*** GIVEN DATA Section Begins ***

(* Define $V:\mathbb{R}\to\mathbb{R}$ by $V(x) = c_0$ for $x<1$ and $V(x) = c_0 - \frac{(x-1)^2}{2}$ for $x\ge 1$, where $c_0\in\mathbb{R}$ is the constant making $\int e^{-V}\,d\gamma = 1$. Then $x\mapsto V(x) + x^2/2$ is convex (i.e. $V''\ge -1$), $\sup V<\infty$, and there is no $L>0$ and no $L$-Lipschitz map $T:\mathbb{R}\to\mathbb{R}$ with $T_\#\gamma = e^{-V}\,d\gamma$.
   Context: $\gamma$ is the standard Gaussian measure on $\mathbb{R}$. The push-forward is $(T_\#\nu)(A)=\nu(T^{-1}(A))$ for Borel $A$. *)

theory Defs
  imports "HOL-Probability.Probability"
begin

definition gauss :: "real measure" where
  "gauss = density lborel (\<lambda>x. ennreal (std_normal_density x))"

definition Vpot :: "real \<Rightarrow> real \<Rightarrow> real" where
  "Vpot c0 x = (if x < 1 then c0 else c0 - (x - 1)^2 / 2)"

end

theory Submission
  imports Defs
begin

text \<open>
  Convexity holds because the derivative of \<open>V x + x\<^sup>2/2\<close> is \<open>min x 1\<close>, which is
  non-decreasing. The transport map is ruled out by exponential moments: if \<open>T\<close> is
  \<open>L\<close>-Lipschitz then \<open>T x \<le> \<bar>T 0\<bar> + L \<bar>x\<bar>\<close>, so \<open>\<integral> e\<^sup>T d\<gamma> < \<infinity>\<close>; but
  \<open>e\<^sup>y e\<^sup>-\<^sup>V\<^sup>(\<^sup>y\<^sup>) \<gamma>(y)\<close> is constant on \<open>[1, \<infinity>)\<close>, so \<open>\<integral> e\<^sup>y e\<^sup>-\<^sup>V d\<gamma> = \<infinity>\<close>.
\<close>

lemma Vpot_borel_measurable [measurable]: "Vpot c0 \<in> borel_measurable borel"
  unfolding Vpot_def[abs_def] by measurable

lemma sets_gauss [simp, measurable_cong]: "sets gauss = sets borel"
  by (simp add: gauss_def)

lemma lipschitz_on_UNIV_borel_measurable:
  fixes T :: "'a::metric_space \<Rightarrow> 'b::metric_space"
  shows "L-lipschitz_on UNIV T \<Longrightarrow> T \<in> borel_measurable borel"
  by (intro borel_measurable_continuous_onI lipschitz_on_continuous_on)

lemma Vpot_le: "Vpot c0 x \<le> c0"
  by (simp add: Vpot_def)

lemma Vpot_plus_half_square_eq:
  "Vpot c0 x + x^2 / 2 = (if x \<in> {..<1} then c0 + x^2 / 2 else c0 + x - 1/2)"
  by (simp add: Vpot_def power2_eq_square field_simps)

lemma has_real_derivative_Vpot_plus_half_square:
  "((\<lambda>x. Vpot c0 x + x^2 / 2) has_real_derivative min x 1) (at x)"
proof -
  have "((\<lambda>x. if x \<in> {..<1} then c0 + x^2 / 2 else c0 + x - 1/2)
          has_vector_derivative (if x \<in> {..<1} then x else 1)) (at x within UNIV)"
    by (rule has_vector_derivative_If_within_closures[where S = "{..<1}" and T = "{1..}"])
      (auto intro!: derivative_eq_intros simp: has_real_derivative_iff_has_vector_derivative[symmetric])
  moreover have "min x 1 = (if x \<in> {..<1} then x else 1)"
    by auto
  ultimately show ?thesis
    unfolding Vpot_plus_half_square_eq has_real_derivative_iff_has_vector_derivative by simp
qed

lemma convex_on_Vpot_plus_half_square: "convex_on UNIV (\<lambda>x. Vpot c0 x + x^2 / 2)"
  by (rule convex_on_realI[OF _ has_real_derivative_Vpot_plus_half_square]) (auto simp: min_def)

lemma nn_integral_gauss:
  "f \<in> borel_measurable borel \<Longrightarrow>
    (\<integral>\<^sup>+ x. f x \<partial>gauss) = (\<integral>\<^sup>+ x. ennreal (std_normal_density x) * f x \<partial>lborel)"
  unfolding gauss_def by (simp add: nn_integral_density)

lemma std_normal_density_mult_exp_le:
  fixes x :: real
  shows "std_normal_density x * exp (a + L * \<bar>x\<bar>)
    \<le> sqrt 2 * exp (a + L^2) * normal_density 0 (sqrt 2) x"
proof -
  \<comment> \<open>\<open>L \<bar>x\<bar> \<le> L\<^sup>2 + x\<^sup>2/4\<close> trades the linear growth for half of the Gaussian decay\<close>
  have "- (x^2) / 2 + (a + L * \<bar>x\<bar>) \<le> (a + L^2) + - (x^2) / 4"
    using zero_le_power2[of "\<bar>x\<bar> / 2 - L"] by (simp add: power2_eq_square field_simps)
  then have "exp (- (x^2) / 2) * exp (a + L * \<bar>x\<bar>) \<le> exp (a + L^2) * exp (- (x^2) / 4)"
    by (simp flip: exp_add)
  then have "std_normal_density x * exp (a + L * \<bar>x\<bar>)
      \<le> exp (a + L^2) * exp (- (x^2) / 4) / sqrt (2 * pi)"
    by (simp add: std_normal_density_def divide_right_mono)
  also have "\<dots> = sqrt 2 * exp (a + L^2) * normal_density 0 (sqrt 2) x"
    unfolding normal_density_def by (simp add: real_sqrt_mult field_simps)
  finally show ?thesis .
qed

lemma nn_integral_gauss_exp_lipschitz_finite:
  fixes T :: "real \<Rightarrow> real"
  assumes lip: "L-lipschitz_on UNIV T"
  shows "(\<integral>\<^sup>+ x. ennreal (exp (T x)) \<partial>gauss) < \<infinity>"
proof -
  define C where "C = sqrt 2 * exp (\<bar>T 0\<bar> + L^2)"
  have bound: "std_normal_density x * exp (T x) \<le> C * normal_density 0 (sqrt 2) x" for x
  proof -
    have "T x \<le> \<bar>T 0\<bar> + L * \<bar>x\<bar>"
      using lipschitz_onD[OF lip, of x 0] by (simp add: dist_real_def)
    then have "std_normal_density x * exp (T x) \<le> std_normal_density x * exp (\<bar>T 0\<bar> + L * \<bar>x\<bar>)"
      by (intro mult_left_mono) simp_all
    also have "\<dots> \<le> C * normal_density 0 (sqrt 2) x"
      using std_normal_density_mult_exp_le by (simp add: C_def)
    finally show ?thesis .
  qed
  have "(\<integral>\<^sup>+ x. ennreal (exp (T x)) \<partial>gauss)
      = (\<integral>\<^sup>+ x. ennreal (std_normal_density x * exp (T x)) \<partial>lborel)"
    using lipschitz_on_UNIV_borel_measurable[OF lip] by (simp add: nn_integral_gauss ennreal_mult'')
  also have "\<dots> \<le> (\<integral>\<^sup>+ x. ennreal (C * normal_density 0 (sqrt 2) x) \<partial>lborel)"
    by (intro nn_integral_mono ennreal_leI bound)
  also have "\<dots> < \<infinity>"
  proof -
    have "integrable lborel (\<lambda>x. C * normal_density 0 (sqrt 2) x)"
      by (intro integrable_mult_right integrable_normal_density) auto
    moreover have "C \<ge> 0"
      by (simp add: C_def)
    ultimately show ?thesis
      unfolding integrable_iff_bounded by simp
  qed
  finally show ?thesis .
qed

lemma emeasure_lborel_atLeast: "emeasure lborel {a::real..} = \<infinity>"
proof (rule ccontr)
  assume "emeasure lborel {a..} \<noteq> \<infinity>"
  then obtain r where r: "r \<ge> 0" "emeasure lborel {a..} = ennreal r"
    by (cases "emeasure lborel {a..}") auto
  have "emeasure lborel {a..a + r + 1} \<le> emeasure lborel {a..}"
    by (rule emeasure_mono) auto
  with r show False
    by (simp add: ennreal_le_iff)
qed

lemma nn_integral_exp_density_Vpot_infinite:
  "(\<integral>\<^sup>+ y. ennreal (exp y) \<partial>density gauss (\<lambda>x. ennreal (exp (- Vpot c0 x)))) = \<infinity>"
proof -
  define c where "c = exp (1/2 - c0) / sqrt (2 * pi)"
  \<comment> \<open>on \<open>[1, \<infinity>)\<close> the exponents \<open>- y\<^sup>2/2 - V y + y\<close> sum to the constant \<open>1/2 - c0\<close>\<close>
  have tail: "ennreal c * indicator {1..} y
      \<le> ennreal (std_normal_density y * (exp (- Vpot c0 y) * exp y))" for y :: real
  proof (cases "y \<ge> 1")
    case True
    then have "- (y^2) / 2 + (- Vpot c0 y + y) = 1/2 - c0"
      by (simp add: Vpot_def power2_eq_square field_simps)
    then have "std_normal_density y * (exp (- Vpot c0 y) * exp y) = c"
      by (simp add: c_def std_normal_density_def mult_exp_exp)
    with True show ?thesis
      by simp
  qed simp
  have "(\<integral>\<^sup>+ y. ennreal (exp y) \<partial>density gauss (\<lambda>x. ennreal (exp (- Vpot c0 x))))
      = (\<integral>\<^sup>+ y. ennreal (std_normal_density y * (exp (- Vpot c0 y) * exp y)) \<partial>lborel)"
    by (simp add: nn_integral_density nn_integral_gauss ennreal_mult'')
  also have "\<dots> \<ge> (\<integral>\<^sup>+ y. ennreal c * indicator {1::real..} y \<partial>lborel)"
    by (intro nn_integral_mono tail)
  moreover have "(\<integral>\<^sup>+ y. ennreal c * indicator {1::real..} y \<partial>lborel) = \<infinity>"
    by (simp add: c_def nn_integral_cmult_indicator emeasure_lborel_atLeast ennreal_mult_top)
  ultimately show ?thesis
    by (simp add: top_unique)
qed

theorem mainTheorem8:
  fixes c0 :: real
  assumes norm: "(\<integral>\<^sup>+ x. ennreal (exp (- Vpot c0 x)) \<partial>gauss) = 1"
  shows "convex_on UNIV (\<lambda>x. Vpot c0 x + x^2 / 2)
    \<and> bdd_above (range (Vpot c0))
    \<and> \<not> (\<exists>L>0. \<exists>T :: real \<Rightarrow> real. L-lipschitz_on UNIV T \<and>
            distr gauss borel T = density gauss (\<lambda>x. ennreal (exp (- Vpot c0 x))))"
proof (intro conjI notI)
  show "convex_on UNIV (\<lambda>x. Vpot c0 x + x^2 / 2)"
    by (rule convex_on_Vpot_plus_half_square)
  show "bdd_above (range (Vpot c0))"
    using Vpot_le by (rule bdd_aboveI2)
  assume "\<exists>L>0. \<exists>T :: real \<Rightarrow> real. L-lipschitz_on UNIV T \<and>
            distr gauss borel T = density gauss (\<lambda>x. ennreal (exp (- Vpot c0 x)))"
  then obtain L and T :: "real \<Rightarrow> real" where lip: "L-lipschitz_on UNIV T"
    and push: "distr gauss borel T = density gauss (\<lambda>x. ennreal (exp (- Vpot c0 x)))"
    by blast
  have "(\<integral>\<^sup>+ x. ennreal (exp (T x)) \<partial>gauss) = (\<integral>\<^sup>+ y. ennreal (exp y) \<partial>distr gauss borel T)"
    using lipschitz_on_UNIV_borel_measurable[OF lip] by (simp add: nn_integral_distr)
  also have "\<dots> = \<infinity>"
    unfolding push by (rule nn_integral_exp_density_Vpot_infinite)
  finally show False
    using nn_integral_gauss_exp_lipschitz_finite[OF lip] by simp
qed

end
lemma first_vertex_of_edge: "1 \<le> j \<Longrightarrow> j \<le> r \<Longrightarrow> f j 1 = boundary_vertex (j - 1)"
  using glue[of j] by (auto simp: boundary_vertex_def)

lemma vertices_cases:
  assumes "v \<in> vertices"
  obtains j where "j \<le> r" and "v = boundary_vertex j"
  | j s where "1 \<le> j" "j \<le> r" "2 \<le> s" "s < k" and "v = f j s"
proof -
  obtain a b where ab: "(a, b) \<in> hyperpath_index_set k r" and v: "v = f a b"
    using assms unfolding vertices_def by auto
  then consider "a = 1" "b = 1" | "1 \<le> a" "a \<le> r" "b = k" | "1 \<le> a" "a \<le> r" "2 \<le> b" "b < k"
    using r_pos unfolding index_set_iff by fastforce
  then show ?thesis
  proof cases
    case 1
    then show ?thesis using that(1)[of 0] v r_pos by (simp add: boundary_vertex_def)
  next
    case 2
    then show ?thesis using that(1)[of a] v by (simp add: boundary_vertex_def)
  qed (use that(2) v in blast)
qed

definition edge_product :: "('a \<Rightarrow> real) \<Rightarrow> nat \<Rightarrow> real" where
  "edge_product x j = (\<Prod>s\<in>{1..k}. x (f j s))"

lemma degree_eq_card:
  "degree edges v = card {j \<in> {1..r}. v \<in> edge j}"
  unfolding degree_def edges_containing
  by (rule card_image) (rule inj_on_subset[OF edge_inj_on], auto)

context
  fixes x :: "'a \<Rightarrow> real" and lam :: real
  assumes eigen: "\<forall>v\<in>vertices. laplacian_apply edges k x v = lam * x v ^ (k - 1)"
begin

lemma eigen_equation_at:
  assumes ab: "(a, b) \<in> hyperpath_index_set k r"
  shows "real (card {j \<in> {1..r}. f a b \<in> edge j}) * x (f a b) ^ k
    - (\<Sum>j\<in>{j \<in> {1..r}. f a b \<in> edge j}. edge_product x j) = lam * x (f a b) ^ k"
    (is "real (card ?J) * _ - _ = _")
proof -
  have "f a b \<in> vertices" using ab unfolding vertices_def by force
  then have "x (f a b) * laplacian_apply edges k x (f a b) = lam * (x (f a b) * x (f a b) ^ (k - 1))"
    using eigen by simp
  also have "x (f a b) * x (f a b) ^ (k - 1) = x (f a b) ^ k"
    using k_ge_3 by (simp flip: power_Suc)
  finally have "x (f a b) * laplacian_apply edges k x (f a b) = lam * x (f a b) ^ k" .
  moreover have "(\<Sum>e\<in>{e \<in> edges. f a b \<in> e}. \<Prod>v\<in>e. x v) = (\<Sum>j\<in>?J. edge_product x j)"
    unfolding edges_containing
    by (subst sum.reindex) (auto intro: inj_on_subset[OF edge_inj_on] simp: prod_edge edge_product_def)
  moreover have "\<And>e. e \<in> edges \<Longrightarrow> finite e" by (auto simp: edges_def edge_def)
  ultimately show ?thesis
    using laplacian_apply_mult_self[of edges k x "f a b"] k_ge_3 by (simp add: degree_eq_card)
qed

*** GIVEN DATA Section Ends ***

→ DESCRIPTION OF THE TASK: Go through the entries above and report every line in which the word "shows" appears.

→ OUTPUT OF THE TASK:
  shows "L-lipschitz_on UNIV T \<Longrightarrow> T \<in> borel_measurable borel"
  shows "std_normal_density x * exp (a + L * \<bar>x\<bar>)
  shows "(\<integral>\<^sup>+ x. ennreal (exp (T x)) \<partial>gauss) < \<infinity>"
  shows "convex_on UNIV (\<lambda>x. Vpot c0 x + x^2 / 2)
  shows "real (card {j \<in> {1..r}. f a b \<in> edge j}) * x (f a b) ^ k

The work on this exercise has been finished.